While Strings and Barber have performed side-by-side in the past, this tour marks the first time they’ve ever gone out on the road together. “We’ll see how Dad likes being on the road,” Strings says, when asked whether the tour might be extended to include additional cities or states. “Maybe we’ll do it again sometime.”

Where Red Rocks is a towering outdoor amphitheater known for its unique, picturesque beauty, Strings is looking forward to establishing an entirely different kind of atmosphere on the Family Strings tour. The average concert tour involves considerable rehearsal time, set-list planning, and other production design elements, but Strings says he and Barber have done none of the above in preparation for their brief jaunt across Michigan. Instead, he’s hoping for a spontaneous, off-the-cuff experience that will mirror his earliest music memories.

“I've played with my dad so much that I think the whole idea [for this tour] is just to get together onstage and have it be natural, as if we were sitting there in the living room,” Strings said. “That’s how I learned to play in the first. We’d just play guitar around the house, in the living room or in Dad’s bedroom, or we’d hang out at this campground called Barkus Park [in Lyons, Michigan] and sit around the campfire and play music all night. So we’ll go onstage, we'll sit down together, we’ll pick some tunes, and we’ll play some of those old songs that I just love so much and really cut my teeth on. Because Dad sings them the best.”

“I’m not going to make my dad learn any of my tunes,” Strings added. “I'm just going to ask him what he wants to play and play along with him. Because he’s the master, man. He's the whole reason that I do this.”

In addition to serving as a reunion with his dad and his musical roots, Strings says the Family Strings tour will also play another role: that of homecoming. While Strings grew up in the Ionia area, it was in Traverse City that he earned his bona-fides as a professional musician. He moved to the area after graduating from high school in 2011, eventually linking up with local mandolinist (and author of “Mandolin for Dummies”), Don Julin. For four years, the two — along with bassist Kevin Gills — worked together to carve out a northern Michigan niche for their bluegrass sound. Locals could catch Strings every Thursday night at Little Bohemia, or hear him play regularly at other area venues such as Union Street Station, Left Foot Charley, Inside Out Gallery, and even Horizon Books.

Then in 2016, Strings decided to bet on himself. He packed his bags and relocated to Nashville. Still, he considers Traverse City one of his true homes, as well as the launching point for his musical career.

“Traverse City is kind of where it started,” Strings said. “It’s where I got my start playing professionally, and it’s where I met this whole huge, wonderful, supportive community of people who encouraged me. I feel like those were the people who pushed me out on this little boat, and kind of shoved me off, and said ‘OK, go, Billy!’ I love all the folks there, and I can't wait to come back and see them.”

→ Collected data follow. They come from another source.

lemma link_corner_subcomplex:
  assumes A: "pe2_complex A" "pe2_subcomplex A G" and c: "fst c \<in> faces A" "c \<in> link_edges G v"
    and G: "joins G c x y" "x \<in> link_verts G v" "y \<in> link_verts G v"
  shows "c \<in> link_edges A v" "joins A c x y" "x \<in> link_verts A v" "y \<in> link_verts A v"
proof -
  show "c \<in> link_edges A v"
    using link_edges_subcomplex[OF A c(1)] c(2) by (rule iffD1)
  show "joins A c x y"
    using link_len_joins_subcomplex(2)[OF A(2) c(1)] G(1) by metis
  show "x \<in> link_verts A v"
    using link_verts_subcomplex[OF A(2) joins_edges_subcomplex(1)[OF A c(2,1) G(1)]] G(2)
    by (rule iffD1)
  show "y \<in> link_verts A v"
    using link_verts_subcomplex[OF A(2) joins_edges_subcomplex(2)[OF A c(2,1) G(1)]] G(3)
    by (rule iffD1)
qed

lemma link_cycle_subcomplex:
  assumes A: "pe2_complex A" "pe2_subcomplex A G"
    and cyc: "link_cycle G v ws cs" and in_A: "\<forall>c \<in> set cs. fst c \<in> faces A"
  shows "link_cycle A v ws cs"
proof -
  let ?n = "length cs"
  have len: "length ws = ?n" and ws_G: "set ws \<subseteq> link_verts G v"
    and cs_G: "set cs \<subseteq> link_edges G v"
    and joins_G: "\<forall>i < ?n. joins G (cs ! i) (ws ! i) (ws ! (Suc i mod ?n))"
    using cyc unfolding link_cycle_def by auto
  have corner: "cs ! i \<in> link_edges A v \<and> joins A (cs ! i) (ws ! i) (ws ! (Suc i mod ?n)) \<and>
      ws ! i \<in> link_verts A v" if "i < ?n" for i
  proof -
    have "Suc i mod ?n < length ws"
      using len that by (metis le_less_trans mod_less_divisor zero_le)
    then have "ws ! i \<in> link_verts G v" "ws ! (Suc i mod ?n) \<in> link_verts G v"
      using ws_G len that by (auto dest: nth_mem)
    moreover have "cs ! i \<in> link_edges G v" "fst (cs ! i) \<in> faces A"
      using cs_G in_A that by auto
    ultimately show ?thesis
      using link_corner_subcomplex[OF A] joins_G that by blast
  qed
  have "set ws \<subseteq> link_verts A v"
    using corner len by (metis in_set_conv_nth subsetI)
  moreover have "set cs \<subseteq> link_edges A v"
    using corner by (metis in_set_conv_nth subsetI)
  ultimately show ?thesis
    using cyc corner unfolding link_cycle_def by blast
qed

lemma link_walk_subcomplex:
  assumes A: "pe2_complex A" "pe2_subcomplex A G"
    and walk: "link_walk G v ws cs" "cs \<noteq> []" and in_A: "\<forall>c \<in> set cs. fst c \<in> faces A"
  shows "link_walk A v ws cs"
proof -
  have len: "length ws = Suc (length cs)" and ws_G: "set ws \<subseteq> link_verts G v"
    and cs_G: "set cs \<subseteq> link_edges G v"
    and joins_G: "\<forall>i < length cs. joins G (cs ! i) (ws ! i) (ws ! Suc i)"
    using walk unfolding link_walk_def by auto
  have corner: "cs ! i \<in> link_edges A v \<and> joins A (cs ! i) (ws ! i) (ws ! Suc i) \<and>
      ws ! i \<in> link_verts A v \<and> ws ! Suc i \<in> link_verts A v" if "i < length cs" for i
  proof -
    have "ws ! i \<in> link_verts G v" "ws ! Suc i \<in> link_verts G v"
      using ws_G len that by (auto dest: nth_mem)
    moreover have "cs ! i \<in> link_edges G v" "fst (cs ! i) \<in> faces A"
      using cs_G in_A that by auto
    ultimately show ?thesis
      using link_corner_subcomplex[OF A] joins_G that by blast
  qed
  have "ws ! i \<in> link_verts A v" if "i < length ws" for i
  proof (cases "i < length cs")
    case True
    then show ?thesis using corner by blast
  next
    case False
    then have "i = Suc (length cs - 1)" "length cs - 1 < length cs"
      using walk(2) len that by auto
    then show ?thesis using corner by metis
  qed
  then have "set ws \<subseteq> link_verts A v"
    by (metis in_set_conv_nth subsetI)
  moreover have "set cs \<subseteq> link_edges A v"
    using corner by (metis in_set_conv_nth subsetI)
  ultimately show ?thesis
    using len corner unfolding link_walk_def by blast
qed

For his part, Strings can hardly remember the last time he made his way up to northern Michigan for a visit. But he does have plenty of fond memories of his time in Traverse City, from hanging out on Front Street, picking the banjo for passersby, to spending beautiful days at West End Beach in the summer. “I miss Traverse City something fierce,” he says wistfully. “I haven't been able to come back and play for those folks enough.”

In defense of Strings, he’s too in demand to belong to one town any longer. Since moving to Nashville, he’s earned writeups in Rolling Stone, shared the stage with noted artists ranging from bluegrass heavyweights The Infamous Stringdusters to country music superstar Dierks Bentley, and even earned an “Instrumentalist of the Year” award from the International Bluegrass Music Association. In 2019, the website Saving Country Music dubbed him “the best musician you will witness live in our generation.”

“It's been everything I ever dreamed of, somehow coming true,” Strings said of his rise to fame. “Sometimes I'm just overwhelmed with gratitude, because I don't know how I got so much love and so many amazing people supporting me. It blows me away.”